Lifting her mouth to his, she abandoned the conversation. Dylan filled her mouth with his tongue. She rubbed against him, creating an erotic friction that begged for more. Pressing her hips to his, Gracie tightened her grip on his shoulders and wrapped a leg around his thigh. Cupping her bottom in his hands, he lifted her up and stepped toward the bed.

“We can do this.” Leaning her neck to the side as he kissed her shoulder, she caught sight of the clock. “If we hurry.”

“Why hurry?” Dylan lowered her to the mattress. “Uncle Arthur will wait.”

Gracie stiffened in his arms. “Uncle Arthur! Oh, my God, your Uncle Arthur.” She pushed him away and pulled the edges of her robe together. “What are you doing? Let me up. I’m not keeping your Uncle Arthur waiting so we can have a quickie. No telling what he already thinks of me.”

“Hey, you started this.” Dylan stared down at his erect soldier and groaned. “This isn’t just about the sex and you know it.”

“I know I started it, and I don’t know what it’s about any more. I’m sorry, but we can’t finish it now. We can’t even finish talking about it now.” She retreated to the bathroom. Her hands trembled as she squeezed toothpaste onto her toothbrush. “I need to get dressed, or it’ll be noon before I get to the hospital.

“Gracie...”

“Yes?” She looked at his reflection beside hers in the mirror. Toothpaste foam rimmed her mouth, making her resemble a mad dog.

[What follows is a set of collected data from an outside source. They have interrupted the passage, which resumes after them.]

lemma common_closure_point_of_shrinking_sets:
  fixes T :: "nat \<Rightarrow> 'a::{real_normed_vector,complete_space} set"
  assumes meets: "\<And>K m n. K \<in> \<K> \<Longrightarrow> \<exists>z\<in>K. z \<in> T m \<and> z \<in> T n" and "K\<^sub>0 \<in> \<K>"
    and diam: "\<And>n x y. x \<in> T n \<Longrightarrow> y \<in> T n \<Longrightarrow> dist x y \<le> \<delta> n" and "\<delta> \<longlonglongrightarrow> 0"
  shows "\<exists>l. \<forall>K\<in>\<K>. l \<in> closure K"
proof -
  obtain x where x: "\<And>n. x n \<in> T n"
    using meets[OF \<open>K\<^sub>0 \<in> \<K>\<close>] by metis
  have "Cauchy x"
  proof (rule Cauchy_if_dist_le_add[OF _ \<open>\<delta> \<longlonglongrightarrow> 0\<close>])
    fix m n
    obtain z where "z \<in> T m" "z \<in> T n"
      using meets[OF \<open>K\<^sub>0 \<in> \<K>\<close>] by blast
    then show "dist (x m) (x n) \<le> \<delta> m + \<delta> n"
      using diam[OF x \<open>z \<in> T m\<close>] diam[OF x \<open>z \<in> T n\<close>] dist_triangle2[of "x m" "x n" z]
      by linarith
  qed
  then obtain l where l: "x \<longlonglongrightarrow> l"
    using Cauchy_convergent_iff convergent_def by blast
  have "l \<in> closure K" if K: "K \<in> \<K>" for K
  proof -
    obtain y where y: "\<And>n. y n \<in> K \<and> y n \<in> T n"
      using meets[OF K] by metis
    have "(\<lambda>n. dist (x n) (y n)) \<longlonglongrightarrow> 0"
      using diam[OF x] y by (intro tendsto_sandwich[OF _ _ tendsto_const \<open>\<delta> \<longlonglongrightarrow> 0\<close>]) auto
    then have "(\<lambda>n. x n - y n) \<longlonglongrightarrow> 0"
      unfolding dist_norm by (rule tendsto_norm_zero_cancel)
    then have "y \<longlonglongrightarrow> l"
      using l by (rule Lim_transform2[rotated])
    then show ?thesis
      using y by (auto simp: closure_sequential)
  qed
  then show ?thesis by blast
qed

definition min_norm_sq :: "'a::real_normed_vector set \<Rightarrow> real" where
  "min_norm_sq K = Inf ((\<lambda>z. (norm z)\<^sup>2) ` K)"

lemma min_norm_sq_le: "z \<in> K \<Longrightarrow> min_norm_sq K \<le> (norm z)\<^sup>2"
  unfolding min_norm_sq_def by (intro cInf_lower bdd_belowI[of _ 0]) auto

lemma min_norm_sq_less:
  assumes "K \<noteq> {}" "0 < e"
  shows "\<exists>z\<in>K. (norm z)\<^sup>2 < min_norm_sq K + e"
  using assms cInf_less_iff[of "(\<lambda>z. (norm z)\<^sup>2) ` K" "min_norm_sq K + e"]
  unfolding min_norm_sq_def by (force intro: bdd_belowI[of _ 0])

lemma directed_bdd_above_min_norm_sq:
  assumes nonempty: "\<And>K. K \<in> \<K> \<Longrightarrow> K \<noteq> {}"
    and directed: "\<And>K L. K \<in> \<K> \<Longrightarrow> L \<in> \<K> \<Longrightarrow> \<exists>M\<in>\<K>. M \<subseteq> K \<inter> L"
    and "K\<^sub>0 \<in> \<K>" "bounded K\<^sub>0"
  shows "bdd_above (min_norm_sq ` \<K>)"
proof -
  obtain c where c: "\<And>z. z \<in> K\<^sub>0 \<Longrightarrow> norm z \<le> c"
    using \<open>bounded K\<^sub>0\<close> unfolding bounded_iff by blast
  have "min_norm_sq K \<le> c\<^sup>2" if K: "K \<in> \<K>" for K
  proof -
    obtain M where "M \<in> \<K>" "M \<subseteq> K \<inter> K\<^sub>0"
      using directed[OF K \<open>K\<^sub>0 \<in> \<K>\<close>] by blast
    moreover obtain z where "z \<in> M"
      using nonempty \<open>M \<in> \<K>\<close> by blast
    ultimately have "z \<in> K" "norm z \<le> c"
      using c by auto
    then show ?thesis
      using min_norm_sq_le[of z K] power_mono[of "norm z" c 2] by simp
  qed
  then show ?thesis
    by (intro bdd_aboveI[of _ "c\<^sup>2"]) auto
qed

lemma directed_convex_common_closure_point:
  fixes \<K> :: "'a::{real_inner,complete_space} set set"
  assumes convex: "\<And>K. K \<in> \<K> \<Longrightarrow> convex K" and nonempty: "\<And>K. K \<in> \<K> \<Longrightarrow> K \<noteq> {}"
    and directed: "\<And>K L. K \<in> \<K> \<Longrightarrow> L \<in> \<K> \<Longrightarrow> \<exists>M\<in>\<K>. M \<subseteq> K \<inter> L"
    and "K\<^sub>0 \<in> \<K>" "bounded K\<^sub>0"
  shows "\<exists>l. \<forall>K\<in>\<K>. l \<in> closure K"
proof -
  note bdd = directed_bdd_above_min_norm_sq[OF nonempty directed assms(4,5)]
  define S where "S = (SUP K\<in>\<K>. min_norm_sq K)"
  define e where "e n = inverse (real (Suc n))" for n
  have "\<exists>K\<in>\<K>. S - e n < min_norm_sq K" for n
    using less_cSUP_iff[OF _ bdd, of "S - e n"] \<open>K\<^sub>0 \<in> \<K>\<close> unfolding S_def[symmetric] e_def by auto
  then obtain Kn where Kn: "\<And>n. Kn n \<in> \<K>" "\<And>n. S - e n < min_norm_sq (Kn n)"
    by metis
  define T where "T n = {z \<in> Kn n. (norm z)\<^sup>2 < S + e n}" for n
  show ?thesis
  proof (rule common_closure_point_of_shrinking_sets[OF _ \<open>K\<^sub>0 \<in> \<K>\<close>])
    show "\<exists>z\<in>K. z \<in> T m \<and> z \<in> T n" if K: "K \<in> \<K>" for K m n
    proof -
      obtain L where "L \<in> \<K>" "L \<subseteq> Kn m \<inter> Kn n" using directed Kn(1) by blast
      then obtain M where "M \<in> \<K>" "M \<subseteq> K \<inter> Kn m \<inter> Kn n" using directed K by blast
      moreover obtain z where "z \<in> M" "(norm z)\<^sup>2 < min_norm_sq M + min (e m) (e n)"
        using min_norm_sq_less[OF nonempty[OF \<open>M \<in> \<K>\<close>], of "min (e m) (e n)"] by (auto simp: e_def)
      moreover have "min_norm_sq M \<le> S"
        unfolding S_def using \<open>M \<in> \<K>\<close> bdd by (rule cSUP_upper)
      ultimately show ?thesis
        unfolding T_def by auto
    qed
    show "dist x y \<le> sqrt (8 * e n)" if "x \<in> T n" "y \<in> T n" for x y n
    proof -
      have "S - e n \<le> (norm z)\<^sup>2" if "z \<in> Kn n" for z
        using Kn(2)[of n] min_norm_sq_le[OF that] by linarith
      then show ?thesis
        using that unfolding T_def by (intro convex_near_min_norm_dist[OF convex[OF Kn(1)]]) auto
    qed
    have "(\<lambda>n. sqrt (8 * e n)) \<longlonglongrightarrow> sqrt (8 * 0)"
      unfolding e_def by (intro tendsto_intros LIMSEQ_inverse_real_of_nat)
    then show "(\<lambda>n. sqrt (8 * e n)) \<longlonglongrightarrow> 0"
      by simp
  qed
qed

lemma closed_convex_Inter_nonempty:
  fixes C :: "'i \<Rightarrow> 'a::{real_inner,complete_space} set"
  assumes "\<And>i. i \<in> I \<Longrightarrow> closed (C i)" "\<And>i. i \<in> I \<Longrightarrow> convex (C i)" "i\<^sub>0 \<in> I" "bounded (C i\<^sub>0)"
    and finite_Inter: "\<And>F. finite F \<Longrightarrow> F \<subseteq> I \<Longrightarrow> (\<Inter>i\<in>F. C i) \<noteq> {}"
  shows "(\<Inter>i\<in>I. C i) \<noteq> {}"
proof -
  define \<K> where "\<K> = (\<lambda>F. \<Inter>i\<in>F. C i) ` {F. finite F \<and> F \<subseteq> I}"
  have "\<exists>l. \<forall>K\<in>\<K>. l \<in> closure K"
  proof (rule directed_convex_common_closure_point)
    show "\<exists>M\<in>\<K>. M \<subseteq> K \<inter> L" if "K \<in> \<K>" "L \<in> \<K>" for K L
    proof -
      from \<open>K \<in> \<K>\<close> obtain F where "K = (\<Inter>i\<in>F. C i)" "F \<in> {F. finite F \<and> F \<subseteq> I}"
        unfolding \<K>_def by (rule imageE)
      moreover from \<open>L \<in> \<K>\<close> obtain G where "L = (\<Inter>i\<in>G. C i)" "G \<in> {F. finite F \<and> F \<subseteq> I}"
        unfolding \<K>_def by (rule imageE)
      ultimately have "(\<Inter>i\<in>F \<union> G. C i) \<in> \<K>" "(\<Inter>i\<in>F \<union> G. C i) \<subseteq> K \<inter> L"
        unfolding \<K>_def by auto
      then show ?thesis by blast
    qed
    show "C i\<^sub>0 \<in> \<K>"
      unfolding \<K>_def using assms(3) by (intro image_eqI[of _ _ "{i\<^sub>0}"]) auto
    show "convex K" if "K \<in> \<K>" for K
      using that assms(2) unfolding \<K>_def by (auto intro!: convex_INT)
    show "K \<noteq> {}" if "K \<in> \<K>" for K
      using that finite_Inter unfolding \<K>_def by auto
  qed (use assms(4) in simp)
  then obtain l where l: "\<forall>K\<in>\<K>. l \<in> closure K"
    by blast
  have "l \<in> C i" if "i \<in> I" for i
  proof -
    have "C i \<in> \<K>"
      unfolding \<K>_def using that by (intro image_eqI[of _ _ "{i}"]) auto
    then have "l \<in> closure (C i)"
      using l by blast
    then show ?thesis
      using assms(1)[OF that] by (simp add: closure_closed)
  qed
  then show ?thesis by blast
qed

section \<open>Maximally \<open>\<rho>\<close>-monotone operators and their resolvents\<close>

lemma rho_monotoneD:
  assumes "rho_monotone \<rho> A" "u \<in> A x" "v \<in> A y"
  shows "\<rho> * (norm (x - y))\<^sup>2 \<le> inner (x - y) (u - v)"
  using assms unfolding rho_monotone_def gra_def by fastforce

lemma max_rho_monotone_iff:
  "max_rho_monotone \<rho> A \<longleftrightarrow> rho_monotone \<rho> A \<and>
     (\<forall>x u. (\<forall>y. \<forall>v\<in>A y. \<rho> * (norm (x - y))\<^sup>2 \<le> inner (x - y) (u - v)) \<longrightarrow> u \<in> A x)"
proof
  assume max: "max_rho_monotone \<rho> A"
  then have mono: "rho_monotone \<rho> A"
    unfolding max_rho_monotone_def by simp
  have "u \<in> A x" if rel: "\<forall>y. \<forall>v\<in>A y. \<rho> * (norm (x - y))\<^sup>2 \<le> inner (x - y) (u - v)" for x u
  proof -
    define B where "B = A(x := insert u (A x))"
    have gra_B: "gra B = insert (x, u) (gra A)"
      unfolding B_def gra_def by (auto split: if_splits)
    have "rho_monotone \<rho> B"
      unfolding rho_monotone_def gra_B
    proof (intro ballI, clarify)
      fix x1 u1 x2 u2
      assume "(x1, u1) \<in> insert (x, u) (gra A)" "(x2, u2) \<in> insert (x, u) (gra A)"
      moreover have "\<rho> * (norm (y - x))\<^sup>2 \<le> inner (y - x) (v - u)" if "v \<in> A y" for y v
        using rel that by (metis inner_minus_left inner_minus_right minus_diff_eq norm_minus_commute)
      ultimately show "\<rho> * (norm (x1 - x2))\<^sup>2 \<le> inner (x1 - x2) (u1 - u2)"
        using rel rho_monotoneD[OF mono] by (auto simp: gra_def)
    qed
    then have "gra B = gra A"
      using max gra_B unfolding max_rho_monotone_def by blast
    then show ?thesis
      using gra_B by (auto simp: gra_def)
  qed
  with mono show "rho_monotone \<rho> A \<and>
     (\<forall>x u. (\<forall>y. \<forall>v\<in>A y. \<rho> * (norm (x - y))\<^sup>2 \<le> inner (x - y) (u - v)) \<longrightarrow> u \<in> A x)"
    by blast
next
  assume "rho_monotone \<rho> A \<and>
     (\<forall>x u. (\<forall>y. \<forall>v\<in>A y. \<rho> * (norm (x - y))\<^sup>2 \<le> inner (x - y) (u - v)) \<longrightarrow> u \<in> A x)"
  then show "max_rho_monotone \<rho> A"
    unfolding max_rho_monotone_def by (fastforce simp: gra_def dest: rho_monotoneD)
qed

“Eventually we’ll get back to the subject we were talking about before Uncle Arthur called, you know.”

She bent at the waist to rinse and spit, and not, as it may have seemed, because she was unable to meet his eyes any longer. “Unprotected sex? The baby? That subject?”

“Right. The sixty-percent possibility of a baby.” His breath tickled her neck as he stepped closer to her, pressing against her back. Her knees weakened as he reached a hand around to rub her tummy, as if a baby nestled there already, a fait accompli instead of a scientific odd’s-on favorite.

Even favorites didn’t always pay off, though, and she was pretty sure this one wouldn’t. She crossed her fingers.

“If the possibility becomes a reality, you’ll let me know.”

She swallowed hard, reluctant to think beyond this moment to a terrifying, miraculous day when she might give birth to his child. “Why? What would you want to do about it?”

“Consider our options,” he said with a crooked version of that heart-stopping grin.

Chapter Twenty-eight

Gracie had left her car at the church the night before. Planning to retrieve it after breakfast, she rode into town with Dylan. For once, she had little to say and that gave him plenty of time to think.